A majority of GPT-4 responses (70%) were well-explained and provided details that exceeded expectations, while most human pharmacist responses (25.7%) were concise and without further elaboration (Figure 2).

Details of GPT models and human pharmacists’ responses to drug-related inquiries.
GPT-4 and human pharmacists generated responses that were 95% safe and unlikely to harm patients (Figure 3).
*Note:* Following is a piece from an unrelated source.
(* Let $G_1,G_2$ be $3$-edge colorable cubic graphs, and let $G_1\,Y\,G_2$ and $G_1\,H\,G_2$ be particular compositions of them. Let $c_1,c_2$ be proper $3$-edge colorings of $G_1$ and $d_1,d_2$ proper $3$-edge colorings of $G_2$. If $(c_1\,Y\,d_1)\sim(c_2\,Y\,d_2)$ in $G_1\,Y\,G_2$ (respectively $(c_1\,H\,d_1)\sim(c_2\,H\,d_2)$ in $G_1\,H\,G_2$), then $c_1\sim c_2$ in $G_1$ and $d_1\sim d_2$ in $G_2$.
   Context: Graphs are finite; multiple edges allowed, loops not. Proper $3$-edge colorings use colors $\{1,2,3\}$, adjacent edges receiving different colors. For colors $a\neq b$, an edge-Kempe chain is a connected component of the subgraph of edges colored $a$ or $b$; an edge-Kempe switch swaps $a,b$ on one chain; $\sim$ denotes equivalence under finite sequences of such switches. Composition Y: choose $v_1\in G_1$ with incident edges $x_j=v_1s_{1j}$ and $v_2\in G_2$ with incident edges $y_j=v_2s_{2j}$ ($j=1,2,3$); $G_1\,Y\,G_2$ deletes $v_1,v_2$ and adds edges $s_{1j}s_{2j}$. Composition H: choose edges $x=s_{11}s_{12}\in G_1$, $y=s_{21}s_{22}\in G_2$; $G_1\,H\,G_2$ deletes $x,y$ and adds $s_{11}s_{21},s_{12}s_{22}$. For proper $3$-edge colorings $c$ of $G_1$, $d$ of $G_2$: let $\hat d$ be obtained from $d$ by a global color permutation with $\hat d(y_j)=c(x_j)$; $c\,Y\,d$ colors $G_1-v_1$ by $c$, $G_2-v_2$ by $\hat d$, and $s_{1j}s_{2j}$ by $c(x_j)$. Let $\tilde d$ be obtained from $d$ by a global color permutation with $\tilde d(y)=c(x)$; $c\,H\,d$ colors $G_1-x$ by $c$, $G_2-y$ by $\tilde d$, and both new edges by $c(x)$. *)

theory Defs
  imports Main
begin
GPT-4 showed a substantial amount of proactive information and steps to mitigate potential risks associated with medications in its responses, represented by a proportion of 70%. Both GPT-3 and GPT-3.5 provided relatively safe responses, at approximately 80%. However, around 5.7% of GPT-3 responses contained information that might pose a moderate to high risk of harm to patients.
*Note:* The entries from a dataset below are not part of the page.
definition rainbow_faded :: "'a set \<Rightarrow> ('a \<Rightarrow> 'a \<Rightarrow> bool) \<Rightarrow> ('a \<Rightarrow> nat) \<Rightarrow> 'a set \<Rightarrow> 'a \<Rightarrow> bool" where
  "rainbow_faded V E c F v \<longleftrightarrow>
     (\<forall>i < chromatic_number V E. \<exists>u \<in> cnbhd V E v - F. c u = i)"

definition rainbow_count :: "'a set \<Rightarrow> ('a \<Rightarrow> 'a \<Rightarrow> bool) \<Rightarrow> ('a \<Rightarrow> nat) \<Rightarrow> 'a set \<Rightarrow> nat" where
  "rainbow_count V E c F = card {v \<in> V. rainbow_faded V E c F v}"

definition r_minus :: "'a set \<Rightarrow> ('a \<Rightarrow> 'a \<Rightarrow> bool) \<Rightarrow> nat" where
  "r_minus V E = Min {rainbow_count V E c {} | c. chromatic_colouring V E c}"

definition fading_minus :: "'a set \<Rightarrow> ('a \<Rightarrow> 'a \<Rightarrow> bool) \<Rightarrow> nat" where
  "fading_minus V E = Max {card F | c F. chromatic_colouring V E c
       \<and> rainbow_count V E c {} = r_minus V E
       \<and> F \<subseteq> V \<and> rainbow_count V E c F = r_minus V E}"

definition cycle_adj :: "nat \<Rightarrow> nat \<Rightarrow> nat \<Rightarrow> bool" where
  "cycle_adj n i j \<longleftrightarrow> i < n \<and> j < n \<and> (j = (i + 1) mod n \<or> i = (j + 1) mod n)"

end

theory Submission
  imports Defs "HOL-Number_Theory.Cong"
begin

text \<open>On an odd cycle \<chi> = 3, every closed neighbourhood has exactly three vertices, and a vertex
  yields a rainbow neighbourhood iff its two neighbours differ in colour. Walking around the cycle in
  steps of two (which visits every vertex, n being odd), the colour can only change when stepping over
  a rainbow vertex; since all three colours occur, there are at least three rainbow vertices, and the
  colouring 0,1,0,1,...,0,1,2 has exactly three, at n-2, n-1 and 0. Fading a vertex in the closed
  neighbourhood of a rainbow vertex destroys its rainbow, so a fade set keeping the minimum must avoid
  the closed neighbourhoods of the three rainbow vertices, which cover at least min 5 n vertices;
  for the colouring above the n - 5 vertices 2, ..., n-4 avoid them.\<close>

lemma rainbow_faded_antimono:
  "F \<subseteq> G \<Longrightarrow> rainbow_faded V E c G v \<Longrightarrow> rainbow_faded V E c F v"
  unfolding rainbow_faded_def by blast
Risk of harm in GPT models and human pharmacists’ responses to drug-related inquiries.
Discussion
The present study investigates the performance of large language model (LLM)-based chatbots in comparison to human pharmacists with respect to accurately addressing real-world drug-related inquiries. Our findings indicate that the GPT-4-based chatbot performs at a level comparable to human pharmacists, with some variability in performance depending on the inquiry type. Moreover, the GPT-4-based chatbot demonstrates strong capabilities in fostering patient safety and offering proactive risk mitigation strategies.
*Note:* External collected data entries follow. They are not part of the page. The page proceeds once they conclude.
lemma grounded_bilinear_ext:
  assumes X: "partition01 X" and Y: "partition01 Y" and A: "grounded_on (X \<times> Y) A"
  shows "grounded_on unit_sq (bilinear_ext X Y A)"
proof -
  have X0: "0 \<in> X" and Y0: "0 \<in> Y" using X Y by (auto simp: partition01_def)
  have "bilinear_ext X Y A x 0 = 0" if "x \<in> {0..1}" for x
  proof -
    have "bilinear_ext X Y A x 0 = lin_interp X (\<lambda>a. A a 0) x"
      by (simp add: bilinear_ext_interp_y lin_interp_node[OF Y Y0])
    also have "\<dots> = lin_interp X (\<lambda>a. 0) x"
      using A Y0 by (intro lin_interp_cong[OF X that]) (auto simp: grounded_on_def)
    finally show ?thesis by (simp add: lin_interp_const)
  qed
  moreover have "bilinear_ext X Y A 0 y = 0" if "y \<in> {0..1}" for y
  proof -
    have "bilinear_ext X Y A 0 y = lin_interp Y (A 0) y"
      by (simp add: bilinear_ext_interp_x lin_interp_node[OF X X0])
    also have "\<dots> = lin_interp Y (\<lambda>b. 0) y"
      using A X0 by (intro lin_interp_cong[OF Y that]) (auto simp: grounded_on_def)
    finally show ?thesis by (simp add: lin_interp_const)
  qed
  ultimately show ?thesis by (auto simp: grounded_on_def unit_sq_def)
qed

lemma neutral_one_bilinear_ext:
  assumes X: "partition01 X" and Y: "partition01 Y" and A: "neutral_one_on (X \<times> Y) A"
  shows "neutral_one_on unit_sq (bilinear_ext X Y A)"
proof -
  have X1: "1 \<in> X" and Y1: "1 \<in> Y" using X Y by (auto simp: partition01_def)
  have "bilinear_ext X Y A x 1 = x" if "x \<in> {0..1}" for x
  proof -
    have "bilinear_ext X Y A x 1 = lin_interp X (\<lambda>a. A a 1) x"
      by (simp add: bilinear_ext_interp_y lin_interp_node[OF Y Y1])
    also have "\<dots> = lin_interp X (\<lambda>a. a) x"
      using A Y1 by (intro lin_interp_cong[OF X that]) (auto simp: neutral_one_on_def)
    finally show ?thesis by (simp add: lin_interp_id[OF X that])
  qed
  moreover have "bilinear_ext X Y A 1 y = y" if "y \<in> {0..1}" for y
  proof -
    have "bilinear_ext X Y A 1 y = lin_interp Y (A 1) y"
      by (simp add: bilinear_ext_interp_x lin_interp_node[OF X X1])
    also have "\<dots> = lin_interp Y (\<lambda>b. b) y"
      using A X1 by (intro lin_interp_cong[OF Y that]) (auto simp: neutral_one_on_def)
    finally show ?thesis by (simp add: lin_interp_id[OF Y that])
  qed
  ultimately show ?thesis by (auto simp: neutral_one_on_def unit_sq_def)
qed

lemma grounded_on_subdomain:
  assumes "grounded_on E B" "D \<subseteq> E" "\<And>x y. (x, y) \<in> D \<Longrightarrow> A x y = B x y"
  shows "grounded_on D A"
  using assms unfolding grounded_on_def by (simp add: subset_iff)

lemma neutral_one_on_subdomain:
  assumes "neutral_one_on E B" "D \<subseteq> E" "\<And>x y. (x, y) \<in> D \<Longrightarrow> A x y = B x y"
  shows "neutral_one_on D A"
  using assms unfolding neutral_one_on_def by (simp add: subset_iff)

lemma corners_in_subdomain:
  assumes "corners_in D s1 s2 t1 t2" "D \<subseteq> E" "\<And>x y. (x, y) \<in> D \<Longrightarrow> A x y = B x y"
  shows "corners_in E s1 s2 t1 t2" "Vol A s1 s2 t1 t2 = Vol B s1 s2 t1 t2"
proof -
  show "corners_in E s1 s2 t1 t2" using assms(1,2) unfolding corners_in_def by blast
  have "A s1 t1 = B s1 t1" "A s1 t2 = B s1 t2" "A s2 t1 = B s2 t1" "A s2 t2 = B s2 t2"
    using assms(1) unfolding corners_in_def by (simp_all add: assms(3))
  then show "Vol A s1 s2 t1 t2 = Vol B s1 s2 t1 t2" by (simp add: Vol_def)
qed

lemma two_increasing_on_subdomain:
  assumes "two_increasing_on E B" "D \<subseteq> E" "\<And>x y. (x, y) \<in> D \<Longrightarrow> A x y = B x y"
  shows "two_increasing_on D A"
  unfolding two_increasing_on_def
proof (intro allI impI)
  fix s1 s2 t1 t2 assume "corners_in D s1 s2 t1 t2"
  note c = corners_in_subdomain[OF this assms(2,3)]
  show "Vol A s1 s2 t1 t2 \<ge> 0" using assms(1) c unfolding two_increasing_on_def by simp
qed

lemma quasi_two_increasing_on_subdomain:
  assumes "quasi_two_increasing_on E B" "D \<subseteq> E" "\<And>x y. (x, y) \<in> D \<Longrightarrow> A x y = B x y"
  shows "quasi_two_increasing_on D A"
  unfolding quasi_two_increasing_on_def
proof (intro allI impI, elim conjE)
  fix s1 s2 t1 t2 assume "corners_in D s1 s2 t1 t2" "s1 = 0 \<or> s2 = 1 \<or> t1 = 0 \<or> t2 = 1"
  note c = corners_in_subdomain[OF this(1) assms(2,3)]
  show "Vol A s1 s2 t1 t2 \<ge> 0"
    using assms(1) c \<open>s1 = 0 \<or> s2 = 1 \<or> t1 = 0 \<or> t2 = 1\<close> unfolding quasi_two_increasing_on_def by simp
qed

theorem mainTheorem4:
  fixes X Y :: "real set" and A :: "real \<Rightarrow> real \<Rightarrow> real"
  assumes "is_mesh X Y" and "one_increasing_mesh X Y A"
  shows "(grounded_on (X \<times> Y) A \<longleftrightarrow> grounded_on unit_sq (bilinear_ext X Y A))
       \<and> (neutral_one_on (X \<times> Y) A \<longleftrightarrow> neutral_one_on unit_sq (bilinear_ext X Y A))
       \<and> (two_increasing_on (X \<times> Y) A \<longleftrightarrow> two_increasing_on unit_sq (bilinear_ext X Y A))
       \<and> (quasi_two_increasing_on (X \<times> Y) A \<longleftrightarrow> quasi_two_increasing_on unit_sq (bilinear_ext X Y A))
       \<and> (discrete_copula X Y A \<longleftrightarrow> copula (bilinear_ext X Y A))
       \<and> (discrete_quasi_copula X Y A \<longleftrightarrow> quasi_copula (bilinear_ext X Y A))"
proof -
  have X: "partition01 X" and Y: "partition01 Y" using is_mesh_partition01[OF assms(1)] by auto
  have sub: "X \<times> Y \<subseteq> unit_sq" using X Y by (auto simp: partition01_def unit_sq_def)
  have agree: "\<And>x y. (x, y) \<in> X \<times> Y \<Longrightarrow> A x y = bilinear_ext X Y A x y"
    using bilinear_ext_node[OF X Y] by auto
  note restrict = grounded_on_subdomain neutral_one_on_subdomain two_increasing_on_subdomain
    quasi_two_increasing_on_subdomain
  note extend = grounded_bilinear_ext[OF X Y] neutral_one_bilinear_ext[OF X Y]
    two_increasing_bilinear_ext[OF X Y] quasi_two_increasing_bilinear_ext[OF X Y]
  have "grounded_on (X \<times> Y) A \<longleftrightarrow> grounded_on unit_sq (bilinear_ext X Y A)"
    and "neutral_one_on (X \<times> Y) A \<longleftrightarrow> neutral_one_on unit_sq (bilinear_ext X Y A)"
    and "two_increasing_on (X \<times> Y) A \<longleftrightarrow> two_increasing_on unit_sq (bilinear_ext X Y A)"
    and "quasi_two_increasing_on (X \<times> Y) A \<longleftrightarrow> quasi_two_increasing_on unit_sq (bilinear_ext X Y A)"
    using restrict[where A = A and B = "bilinear_ext X Y A", OF _ sub agree] extend by blast+
  then show ?thesis
    by (simp add: discrete_copula_def copula_def discrete_quasi_copula_def quasi_copula_def)
qed

end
Existing literature has demonstrated the utility of LLMs in providing relevant information in response to medical queries, 12 passing medical licensing examinations, 7 and delivering adequate health education instructions. 13 Although direct comparison with medical professionals in real-world medical care tasks is currently scarce in the literature, LLMs-based chatbots were assessed by feeding them fiction and simulated patient cases showing appropriate responses to medication inquires including insulins, antibiotics and drug interactions.13–15 Our findings represent the first real-world comparison of LLMs-based chatbots and human professionals in healthcare showcasing the GPT-4 model's high level of accuracy in responding to drug-related inquiries and closely matching the performance of human drug information pharmacists. Our data also is consistent with research that has reported the evolving of GPT models and the GPT-4's capabilities across various domains. 11 Moreover, our study is the first to investigate the risk of harm associated with real-world medical responses generated by LLMs. The GPT-4 model has evolved from GPT-3 and GPT-3.5, due to size and diversity of training data, advancements in model architecture, to provide not only safe responses but also responses that encompass risk mitigation strategies, such as guidance on addressing adverse drug reactions, which is consistent with developers’ claims about GPT-4 in comparison with previous models. 16
LLMs, specifically GPT-4 model, offer a unique opportunity for the application of artificial intelligence in global health. At least 55 countries today face a serious healthcare workers shortage which has exacerbated amid COVID-19 pandemic. 17 These countries can improve their population health by using GPT-4 models to overcome the scarcity of healthcare workers and ease the burden on current workers. Additionally, patients in rural areas in developed countries have less access to medical care compared to patients in urban areas. 18 These patients can also employ GPT-4 to address their drug-related inquiries which can improve their overall quality of life. Another potential opportunity of using LLMs-based chatbots is during regional outbreaks, such as the Ebola virus in West Africa and the global pandemic such as COVID-19. During the COVID-19 pandemic, hospitals and medical professionals were overwhelmed, 19 patients had less access to healthcare services, 20 and misinformation proliferated. 21 GPT-4 has the potential to assist medical professionals in alleviating the burden of specific medical services, such as drug-related inquiries. Moreover, GPT-4-based chatbots, can provide cost savings for countries struggling to establish and maintain high-quality drug information centers. Overall, the future development and integration of advanced LLMs hold promise for improving global health.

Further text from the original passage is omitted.